"The key question is, is New Orleans in a better position today than it was 100 days ago," Nagin said. "And my conclusion is that we are."
Nagin and his team clearly tried to put the best face on every piece of information -- and much of it was indeed good news -- but the best news of all was the fact that Nagin leveled with us even when the news wasn't all that good.
The city faces "a task of epic proportions," he noted, and yet everybody wants their part of town fixed yesterday. That's not going to happen, of course, and the mayor was more forthright than ever in delivering that news -- which is exactly what New Orleanians need to hear. Again and again.
Equally important, to use City Hall's parlance, the mayor stayed "on script" for more than 90 minutes.
Among the positive news that Nagin was able to report:
• Trash and debris pick-up is more regular and will become more frequent.
• Water pressure has returned to pre-Katrina levels.
• The various segments -- and personalities -- of the criminal justice system are finally getting on the same page.
• Almost all abandoned cars have been removed.
• State Police and National Guard units have increased police visibility.
Looking ahead, the mayor promised to establish a Recovery Department before the end of the year. That's huge. One of the biggest problems the administration faces is the daunting task of trying to provide routine city services while also trying to shepherd a citywide recovery after the largest natural disaster in U.S. history. Appointing a recovery director whose only goal is to get the city rebuilt will allow the mayor and his staff to focus on servicing those parts of town that are already back.

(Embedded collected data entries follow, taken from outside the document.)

lemma noise_inner_integrable:
  "j < n \<Longrightarrow> 1 \<le> t \<Longrightarrow> integrable M (\<lambda>\<omega>. N j t \<omega> (z j t \<omega>) \<bullet> (xbar t \<omega> - zstar))"
proof (rule integrable_const_bound[where B = "c j * (G / lambar)"])
  assume j: "j < n" and t: "1 \<le> t"
  show "AE \<omega> in M. norm (N j t \<omega> (z j t \<omega>) \<bullet> (xbar t \<omega> - zstar)) \<le> c j * (G / lambar)"
    using N_bdd[OF j t] AE_norm_xbar_sub_zstar_le[OF t]
  proof eventually_elim
    case (elim \<omega>)
    have "norm (N j t \<omega> (z j t \<omega>) \<bullet> (xbar t \<omega> - zstar))
        \<le> norm (N j t \<omega> (z j t \<omega>)) * norm (xbar t \<omega> - zstar)"
      using Cauchy_Schwarz_ineq2 by simp
    also have "\<dots> \<le> c j * (G / lambar)"
      using elim order_trans[OF norm_ge_zero elim(1)[rule_format]] by (intro mult_mono) auto
    finally show ?case .
  qed
  have [measurable]: "(\<lambda>\<omega>. N j t \<omega> (z j t \<omega>)) \<in> borel_measurable M" "xbar t \<in> borel_measurable M"
    using noise_borel[OF j t] xbar_borel[OF t] by auto
  show "(\<lambda>\<omega>. N j t \<omega> (z j t \<omega>) \<bullet> (xbar t \<omega> - zstar)) \<in> borel_measurable M"
    by measurable
qed

text \<open>The noise has zero mean given the history, of which \<open>xbar t\<close> is a function.\<close>
lemma integral_noise_inner_eq_0:
  assumes i: "i < n" and t: "1 \<le> t"
  shows "integral\<^sup>L M (\<lambda>\<omega>. N i t \<omega> (z i t \<omega>) \<bullet> (xbar t \<omega> - zstar)) = 0"
proof -
  define Xs where "Xs = {x i s | i s. i < n \<and> 1 \<le> s \<and> s \<le> t} \<union> {gt i s | i s. i < n \<and> 1 \<le> s \<and> s < t}"
  have sets_hist: "sets (gen_measure M Xs) = hist M n x gt t"
    by (simp add: sets_gen_measure hist_def Xs_def)
  have sub: "subalgebra M (gen_measure M Xs)"
    using x_borel gt_meas by (intro subalgebra_gen_measure) (auto simp: Xs_def)
  have [measurable]: "x k t \<in> borel_measurable (gen_measure M Xs)" if "k \<in> {..<n}" for k
    using that t by (intro measurable_gen_measure) (auto simp: Xs_def)
  show ?thesis
  proof (rule integral_inner_eq_0_if_set_integrals_0[OF prob sub])
    show "(\<lambda>\<omega>. xbar t \<omega> - zstar) \<in> borel_measurable (gen_measure M Xs)"
      unfolding xbar_def by measurable
  qed (use noise_borel[OF i t] N_bdd[OF i t] AE_norm_xbar_sub_zstar_le[OF t] N_zero_mean[OF i t] sets_hist
      in \<open>auto elim: eventually_mono\<close>)
qed

lemma sq_err_step_pointwise:
  assumes t: "1 \<le> t"
    and grad_z: "\<forall>j\<in>{..<n}. norm (grad j (z j t \<omega>)) \<le> G"
    and grad_xbar: "\<forall>i\<in>{..<n}. norm (grad i (xbar t \<omega>)) \<le> G"
  shows "(norm (xbar (t + 1) \<omega> - zstar))\<^sup>2 \<le> (1 - \<alpha> t * lambar) * (norm (xbar t \<omega> - zstar))\<^sup>2
      + (4 * \<alpha> t * G / real n) * (\<Sum>j<n. norm (z j t \<omega> - xbar t \<omega>))
      - (2 * \<alpha> t / real n) * (\<Sum>j<n. N j t \<omega> (z j t \<omega>) \<bullet> (xbar t \<omega> - zstar))
      + ((\<alpha> t)\<^sup>2 / real n) * (\<Sum>j<n. (norm (gt j t \<omega>))\<^sup>2)"
proof -
  define d where "d = xbar t \<omega> - zstar"
  define a where "a = \<alpha> t"
  define S1 where "S1 = (\<Sum>j<n. grad j (z j t \<omega>) \<bullet> d)"
  define S2 where "S2 = (\<Sum>j<n. N j t \<omega> (z j t \<omega>) \<bullet> d)"
  define S3 where "S3 = (\<Sum>j<n. norm (z j t \<omega> - xbar t \<omega>))"
  define S4 where "S4 = (\<Sum>j<n. (norm (gt j t \<omega>))\<^sup>2)"
  have a: "0 \<le> a" and n: "0 < real n"
    using \<alpha>_nonneg[OF t] n_pos by (simp_all add: a_def)
  have "gbar t \<omega> \<bullet> d = (\<Sum>j<n. grad j (z j t \<omega>) \<bullet> d + N j t \<omega> (z j t \<omega>) \<bullet> d) / real n"
    using gt_def t by (simp add: gbar_def inner_sum_left inner_add_left)
  then have inner: "gbar t \<omega> \<bullet> d = (S1 + S2) / real n"
    by (simp add: S1_def S2_def sum.distrib)
  have S1: "S1 \<ge> real n * lambar / 2 * (norm d)\<^sup>2 - 2 * G * S3"
    unfolding S1_def S3_def d_def by (rule sum_grad_inner_ge) (use grad_z grad_xbar in auto)
  have S4: "(norm (gbar t \<omega>))\<^sup>2 \<le> S4 / real n"
    unfolding gbar_def S4_def by (rule norm_mean_sq_le[OF n_pos])
  have "(norm (xbar (t + 1) \<omega> - zstar))\<^sup>2 = (norm d)\<^sup>2 - 2 * a * (gbar t \<omega> \<bullet> d) + a\<^sup>2 * (norm (gbar t \<omega>))\<^sup>2"
    unfolding xbar_step[OF t] d_def a_def power2_norm_eq_inner
    by (simp add: inner_diff_left inner_diff_right inner_commute power2_eq_square algebra_simps)
  also have "\<dots> \<le> (norm d)\<^sup>2 - 2 * a * ((real n * lambar / 2 * (norm d)\<^sup>2 - 2 * G * S3 + S2) / real n)
      + a\<^sup>2 * (S4 / real n)"
    unfolding inner using S1 S4 a n
    by (intro add_mono diff_mono mult_left_mono divide_right_mono order_refl) auto
  also have "\<dots> = (1 - a * lambar) * (norm d)\<^sup>2 + (4 * a * G / real n) * S3 - (2 * a / real n) * S2
      + (a\<^sup>2 / real n) * S4"
    using n by (simp add: field_simps)
  finally show ?thesis
    unfolding a_def S2_def S3_def S4_def d_def .
qed

lemma err_step:
  assumes t: "1 \<le> t"
  shows "err (t + 1) \<le> (1 - \<alpha> t * lambar) * err t
      + (4 * \<alpha> t * G / real n) * (\<Sum>j<n. integral\<^sup>L M (\<lambda>\<omega>. norm (z j t \<omega> - xbar t \<omega>)))
      + (\<alpha> t)\<^sup>2 * G\<^sup>2"
proof -
  define T1 where "T1 = (\<lambda>\<omega>. (1 - \<alpha> t * lambar) * (norm (xbar t \<omega> - zstar))\<^sup>2)"
  define T2 where "T2 = (\<lambda>\<omega>. (4 * \<alpha> t * G / real n) * (\<Sum>j<n. norm (z j t \<omega> - xbar t \<omega>)))"
  define T3 where "T3 = (\<lambda>\<omega>. (2 * \<alpha> t / real n) * (\<Sum>j<n. N j t \<omega> (z j t \<omega>) \<bullet> (xbar t \<omega> - zstar)))"
  define T4 where "T4 = (\<lambda>\<omega>. ((\<alpha> t)\<^sup>2 / real n) * (\<Sum>j<n. (norm (gt j t \<omega>))\<^sup>2))"
  have dist_int: "integrable M (\<lambda>\<omega>. norm (z j t \<omega> - xbar t \<omega>))" if "j < n" for j
    using z_integrable[OF that t] xbar_integrable[OF t] by auto
  have int: "integrable M T1" "integrable M T2" "integrable M T3" "integrable M T4"
    unfolding T1_def T2_def T3_def T4_def
    using sq_err_integrable[OF t] dist_int noise_inner_integrable[OF _ t] G_sq[OF _ t]
    by (auto intro!: integrable_mult_right Bochner_Integration.integrable_sum)
  have AE_step: "AE \<omega> in M. (norm (xbar (t + 1) \<omega> - zstar))\<^sup>2 \<le> T1 \<omega> + T2 \<omega> - T3 \<omega> + T4 \<omega>"
    using AE_norm_grad_z_le[OF t] AE_norm_grad_xbar_le[OF t]
    by eventually_elim (unfold T1_def T2_def T3_def T4_def, rule sq_err_step_pointwise[OF t])
  have "err (t + 1) \<le> integral\<^sup>L M (\<lambda>\<omega>. T1 \<omega> + T2 \<omega> - T3 \<omega> + T4 \<omega>)"
    unfolding err_def using sq_err_integrable[of "t + 1"] int AE_step by (intro integral_mono_AE) auto
  also have "\<dots> = integral\<^sup>L M T1 + integral\<^sup>L M T2 - integral\<^sup>L M T3 + integral\<^sup>L M T4"
    using int by simp
  finally have "err (t + 1) \<le> integral\<^sup>L M T1 + integral\<^sup>L M T2 - integral\<^sup>L M T3 + integral\<^sup>L M T4" .
  moreover have "integral\<^sup>L M T1 = (1 - \<alpha> t * lambar) * err t"
    by (simp add: T1_def err_def)
  moreover have "integral\<^sup>L M T2
      = (4 * \<alpha> t * G / real n) * (\<Sum>j<n. integral\<^sup>L M (\<lambda>\<omega>. norm (z j t \<omega> - xbar t \<omega>)))"
    using dist_int by (simp add: T2_def Bochner_Integration.integral_sum)
  moreover have "integral\<^sup>L M T3 = 0"
    using noise_inner_integrable[OF _ t] integral_noise_inner_eq_0[OF _ t]
    by (simp add: T3_def Bochner_Integration.integral_sum)
  moreover have "integral\<^sup>L M T4 = ((\<alpha> t)\<^sup>2 / real n) * (\<Sum>j<n. integral\<^sup>L M (\<lambda>\<omega>. (norm (gt j t \<omega>))\<^sup>2))"
    unfolding T4_def using G_sq[OF _ t] by (simp add: Bochner_Integration.integral_sum)
  moreover have "\<dots> \<le> ((\<alpha> t)\<^sup>2 / real n) * (\<Sum>j<n. G\<^sup>2)"
    using G_sq[OF _ t] by (intro mult_left_mono sum_mono) auto
  ultimately show ?thesis
    using n_pos by simp
qed

definition K1 :: real where
  "K1 = integral\<^sup>L M (\<lambda>\<omega>. \<Sum>k<n. norm (first_step k \<omega>))"

definition err_const :: real where
  "err_const = 4 + 128 * K1 * decay_const \<mu> * lambar / (G * \<eta> * \<mu>\<^sup>2)
                 + 512 * real n * (decay_const \<mu> + 1) / (\<eta> * (1 - \<mu>) * \<mu>)"

lemma first_step_norm_integrable: "k < n \<Longrightarrow> integrable M (\<lambda>\<omega>. norm (first_step k \<omega>))"
  unfolding first_step_def using x_integrable gt_integrable by auto

lemma K1_nonneg: "0 \<le> K1"
  unfolding K1_def by (intro integral_nonneg_AE AE_I2 sum_nonneg) auto

lemma sum_norm_gt_integrable: "1 \<le> s \<Longrightarrow> integrable M (\<lambda>\<omega>. \<Sum>j<n. norm (gt j s \<omega>))"
  using gt_norm_integrable by auto

lemma integral_sum_norm_gt_le:
  assumes "1 \<le> s"
  shows "integral\<^sup>L M (\<lambda>\<omega>. \<Sum>j<n. norm (gt j s \<omega>)) \<le> real n * G"
proof -
  have "integral\<^sup>L M (\<lambda>\<omega>. \<Sum>j<n. norm (gt j s \<omega>)) = (\<Sum>j<n. integral\<^sup>L M (\<lambda>\<omega>. norm (gt j s \<omega>)))"
    using gt_norm_integrable assms by (simp add: Bochner_Integration.integral_sum)
  also have "\<dots> \<le> (\<Sum>j<n. G)"
    using integral_norm_gt_le assms by (intro sum_mono) auto
  finally show ?thesis
    by simp
qed

lemma integral_norm_z_sub_xbar_le:
  assumes t: "1 \<le> t" and i: "i < n"
  shows "integral\<^sup>L M (\<lambda>\<omega>. norm (z i (t + 1) \<omega> - xbar (t + 1) \<omega>))
    \<le> (1 / \<eta>) * (8 * \<mu> ^ (t - 1) * K1 + (\<Sum>s\<in>{2..t}. 8 * \<mu> ^ (t - s) * \<alpha> s * (real n * G)))"
proof -
  define R where "R = (\<lambda>\<omega>. (1 / \<eta>) * (8 * \<mu> ^ (t - 1) * (\<Sum>j<n. norm (first_step j \<omega>))
           + (\<Sum>s\<in>{2..t}. 8 * \<mu> ^ (t - s) * \<alpha> s * (\<Sum>j<n. norm (gt j s \<omega>)))))"
  have R_int: "integrable M R"
    unfolding R_def
    by (intro integrable_mult_right Bochner_Integration.integrable_add Bochner_Integration.integrable_sum)
      (auto intro: first_step_norm_integrable gt_norm_integrable)
  have "integral\<^sup>L M (\<lambda>\<omega>. norm (z i (t + 1) \<omega> - xbar (t + 1) \<omega>)) \<le> integral\<^sup>L M R"
    using z_integrable[OF i, of "t + 1"] xbar_integrable[of "t + 1"] R_int norm_z_sub_xbar_le[OF t i]
    by (intro integral_mono) (auto simp: R_def)
  also have "integral\<^sup>L M R = (1 / \<eta>) * (8 * \<mu> ^ (t - 1) * K1
      + (\<Sum>s\<in>{2..t}. 8 * \<mu> ^ (t - s) * \<alpha> s * integral\<^sup>L M (\<lambda>\<omega>. \<Sum>j<n. norm (gt j s \<omega>))))"
  proof -
    have "integrable M (\<lambda>\<omega>. 8 * \<mu> ^ (t - 1) * (\<Sum>j<n. norm (first_step j \<omega>)))"
      "integrable M (\<lambda>\<omega>. \<Sum>s\<in>{2..t}. 8 * \<mu> ^ (t - s) * \<alpha> s * (\<Sum>j<n. norm (gt j s \<omega>)))"
      using first_step_norm_integrable sum_norm_gt_integrable by auto
    then show ?thesis
      unfolding R_def K1_def using sum_norm_gt_integrable
      by (simp add: Bochner_Integration.integral_add Bochner_Integration.integral_sum)
  qed
  also have "\<dots> \<le> (1 / \<eta>) * (8 * \<mu> ^ (t - 1) * K1 + (\<Sum>s\<in>{2..t}. 8 * \<mu> ^ (t - s) * \<alpha> s * (real n * G)))"
    using \<eta>_pos \<mu>_range \<alpha>_nonneg integral_sum_norm_gt_le
    by (intro mult_left_mono add_left_mono sum_mono) simp_all
  finally show ?thesis .
qed

lemma sum_integral_norm_z_sub_xbar_le:
  assumes t: "2 \<le> t"
  shows "(\<Sum>j<n. integral\<^sup>L M (\<lambda>\<omega>. norm (z j t \<omega> - xbar t \<omega>)))
    \<le> real n / \<eta> * (8 * \<mu> ^ (t - 2) * K1
        + 16 * real n * G / lambar * (\<Sum>r\<in>{2..<t}. \<mu> ^ (t - 1 - r) / real r))"
proof -
  have "(\<Sum>s\<in>{2..t - 1}. 8 * \<mu> ^ (t - 1 - s) * \<alpha> s * (real n * G))
      = 16 * real n * G / lambar * (\<Sum>r\<in>{2..<t}. \<mu> ^ (t - 1 - r) / real r)"
    unfolding sum_distrib_left using t \<alpha>_def lambar_pos
    by (intro sum.cong) (auto simp: field_simps)
  then have "integral\<^sup>L M (\<lambda>\<omega>. norm (z j t \<omega> - xbar t \<omega>))
      \<le> 1 / \<eta> * (8 * \<mu> ^ (t - 2) * K1
        + 16 * real n * G / lambar * (\<Sum>r\<in>{2..<t}. \<mu> ^ (t - 1 - r) / real r))" if "j < n" for j
    using integral_norm_z_sub_xbar_le[of "t - 1" j] t that by (simp add: numeral_2_eq_2)
  then have "(\<Sum>j<n. integral\<^sup>L M (\<lambda>\<omega>. norm (z j t \<omega> - xbar t \<omega>)))
      \<le> (\<Sum>j<n. 1 / \<eta> * (8 * \<mu> ^ (t - 2) * K1
        + 16 * real n * G / lambar * (\<Sum>r\<in>{2..<t}. \<mu> ^ (t - 1 - r) / real r)))"
    by (intro sum_mono) auto
  then show ?thesis
    by simp
qed

lemma consensus_terms_le:
  assumes t: "2 \<le> t"
  shows "4 * (G / lambar)\<^sup>2 + 64 * G * K1 / (lambar * \<eta>) * (real t * \<mu> ^ (t - 2))
      + 128 * real n * G\<^sup>2 / (lambar\<^sup>2 * \<eta>) * (real t * (\<Sum>r\<in>{2..<t}. \<mu> ^ (t - 1 - r) / real r))
      \<le> 4 * err_const * (G / lambar)\<^sup>2"
proof -
  define K2 where "K2 = decay_const \<mu>"
  define A where "A = (G / lambar)\<^sup>2"
  define a where "a = 64 * G * K1 / (lambar * \<eta>) * (K2 / \<mu>\<^sup>2)"
  define b where "b = 128 * real n * G\<^sup>2 / (lambar\<^sup>2 * \<eta>) * (4 * (K2 + 1) / (1 - \<mu>))"
  have \<mu>: "0 < \<mu>" "\<mu> < 1" "0 \<le> K2"
    using \<mu>_range decay_const_nonneg by (auto simp: K2_def)
  have "\<mu> ^ t = \<mu> ^ (t - 2) * \<mu>\<^sup>2"
    using t by (metis le_add_diff_inverse2 power_add)
  then have "real t * \<mu> ^ (t - 2) * \<mu>\<^sup>2 \<le> K2"
    using mult_power_le_decay_const[OF \<mu>(1,2), of t] by (simp add: K2_def mult.assoc)
  then have "real t * \<mu> ^ (t - 2) \<le> K2 / \<mu>\<^sup>2"
    using \<mu> by (simp add: field_simps)
  moreover have "real t * (\<Sum>r\<in>{2..<t}. \<mu> ^ (t - 1 - r) / real r) \<le> 4 * (K2 + 1) / (1 - \<mu>)"
    using sum_power_div_le[OF \<mu>(1,2)] by (simp add: K2_def)
  ultimately have "4 * (G / lambar)\<^sup>2 + 64 * G * K1 / (lambar * \<eta>) * (real t * \<mu> ^ (t - 2))
      + 128 * real n * G\<^sup>2 / (lambar\<^sup>2 * \<eta>) * (real t * (\<Sum>r\<in>{2..<t}. \<mu> ^ (t - 1 - r) / real r))
      \<le> 4 * A + a + b"
    unfolding A_def a_def b_def using G_pos K1_nonneg lambar_pos \<eta>_pos
    by (intro add_mono mult_left_mono) auto
  moreover have "4 * err_const * (G / lambar)\<^sup>2 = 16 * A + 8 * a + 4 * (b / \<mu>)"
    unfolding A_def a_def b_def using G_pos lambar_pos \<eta>_pos \<mu>
    by (simp add: err_const_def K2_def field_simps power2_eq_square)
  moreover have "0 \<le> A" "0 \<le> a" "0 \<le> b"
    using G_pos K1_nonneg lambar_pos \<eta>_pos \<mu> by (simp_all add: A_def a_def b_def)
  moreover have "b \<le> b / \<mu>"
    using \<open>0 \<le> b\<close> \<mu> mult_left_le[of \<mu> b] by (simp add: le_divide_eq)
  ultimately show ?thesis
    by linarith
qed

In addition, Nagin spoke of an "accountability matrix" that will be posted online so that citizens can see if the city is on track to meet the goals that he has set. The mayor said he also wants to plug in crime statistics so that people can monitor public safety issues in their neighborhoods.
"I have to confess I didn't feel very upbeat before this meeting started," one Nagin insider told me afterward. "But now I feel pretty good. I really do."
He's not alone.
What puzzles me is why Nagin doesn't do this more often. While I have not hesitated to criticize the mayor for his intemperate comments, I haven't taken him to task for traveling around the country to promote the city. The truth is he's a great salesman, so promoting New Orleans ought to be a big part of his job.
But, for now, he might want to think about selling New Orleans to New Orleanians, many of whom have begun to lose faith in their city's prospects. At his best, Nagin can do a lot to reassure citizens that New Orleans is on the mend. Amazing as it may sound, he still has a reserve of goodwill among New Orleanians, who want their mayor to lead.
At one point in his presentation, Nagin commented on the public's mind-set by saying that he's not a psychologist. That's true, but he should not overlook the significant positive impact he can have on the city's collective psyche -- when he's at his best. Keeping citizens upbeat about the recovery isn't as sexy as jetting off to New York and courting investors, but it can pay big dividends nonetheless.
It was good to see the old Ray Nagin again. Let's hope he sticks around.